lemma solution_map_contraction:
  "dist (solution_map b V1) (solution_map b V2) \<le> chi / Gamma \<alpha> * dist V1 V2"
proof (rule dist_bound)
  fix r :: real
  define D where "D = dist V1 V2"
  define w where "w t = trial b V1 t - trial b V2 t" for t
  have w: "growth_bounded 0 D w" unfolding growth_bounded_def
  proof (intro conjI allI impI)
    show "continuous_on {0<..} w" unfolding w_def
      using growth_bounded_trial[of b V1] growth_bounded_trial[of b V2]
      by (intro continuous_intros) (auto simp: growth_bounded_def)
    fix t :: real assume "t > 0"
    have "\<bar>w t\<bar> = t powr (\<alpha> - 1) * \<bar>apply_bcontfun V1 (ln t) - apply_bcontfun V2 (ln t)\<bar>"
      unfolding w_def trial_def by (simp add: abs_mult flip: right_diff_distrib)
    also have "\<dots> \<le> t powr (\<alpha> - 1) * D"
      using dist_bounded[of V1 "ln t" V2] by (intro mult_left_mono) (auto simp: D_def dist_real_def)
    finally show "\<bar>w t\<bar> \<le> 0 * t + D * t powr (\<alpha> - 1)" by (simp add: mult.commute)
  qed (auto simp: D_def)
  have "dist (apply_bcontfun (solution_map b V1) r) (apply_bcontfun (solution_map b V2) r) =
      \<bar>exp r powr (1 - \<alpha>) * (exp r * tail_int w (exp r) / Gamma \<alpha>)\<bar>"
    unfolding solution_map_apply dist_real_def w_def
    by (simp add: tail_int_diff[OF growth_bounded_trial growth_bounded_trial] algebra_simps diff_divide_distrib)
  also have "\<dots> \<le> (0 * kappa + D * chi) / ((2 - \<alpha>) * Gamma \<alpha>)"
    by (rule scaled_tail_int_bound[OF w]) simp
  also have "\<dots> \<le> chi / Gamma \<alpha> * D"
    using alpha chi_nonneg Gamma_alpha_pos \<open>D = dist V1 V2\<close>
    by (simp add: field_simps mult_left_le_one_le)
  finally show "dist (apply_bcontfun (solution_map b V1) r) (apply_bcontfun (solution_map b V2) r) \<le>
      chi / Gamma \<alpha> * dist V1 V2" by (simp add: D_def)
qed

+ + + + +

* EXERCISE PROMPT
Retype every entry word for word.

* TASK OUTPUT
lemma solution_map_contraction:
  "dist (solution_map b V1) (solution_map b V2) \<le> chi / Gamma \<alpha> * dist V1 V2"
proof (rule dist_bound)
  fix r :: real
  define D where "D = dist V1 V2"
  define w where "w t = trial b V1 t - trial b V2 t" for t
  have w: "growth_bounded 0 D w" unfolding growth_bounded_def
  proof (intro conjI allI impI)
    show "continuous_on {0<..} w" unfolding w_def
      using growth_bounded_trial[of b V1] growth_bounded_trial[of b V2]
      by (intro continuous_intros) (auto simp: growth_bounded_def)
    fix t :: real assume "t > 0"
    have "\<bar>w t\<bar> = t powr (\<alpha> - 1) * \<bar>apply_bcontfun V1 (ln t) - apply_bcontfun V2 (ln t)\<bar>"
      unfolding w_def trial_def by (simp add: abs_mult flip: right_diff_distrib)
    also have "\<dots> \<le> t powr (\<alpha> - 1) * D"
      using dist_bounded[of V1 "ln t" V2] by (intro mult_left_mono) (auto simp: D_def dist_real_def)
    finally show "\<bar>w t\<bar> \<le> 0 * t + D * t powr (\<alpha> - 1)" by (simp add: mult.commute)
  qed (auto simp: D_def)
  have "dist (apply_bcontfun (solution_map b V1) r) (apply_bcontfun (solution_map b V2) r) =
      \<bar>exp r powr (1 - \<alpha>) * (exp r * tail_int w (exp r) / Gamma \<alpha>)\<bar>"
    unfolding solution_map_apply dist_real_def w_def
    by (simp add: tail_int_diff[OF growth_bounded_trial growth_bounded_trial] algebra_simps diff_divide_distrib)
  also have "\<dots> \<le> (0 * kappa + D * chi) / ((2 - \<alpha>) * Gamma \<alpha>)"
    by (rule scaled_tail_int_bound[OF w]) simp
  also have "\<dots> \<le> chi / Gamma \<alpha> * D"
    using alpha chi_nonneg Gamma_alpha_pos \<open>D = dist V1 V2\<close>
    by (simp add: field_simps mult_left_le_one_le)
  finally show "dist (apply_bcontfun (solution_map b V1) r) (apply_bcontfun (solution_map b V2) r) \<le>
      chi / Gamma \<alpha> * dist V1 V2" by (simp add: D_def)
qed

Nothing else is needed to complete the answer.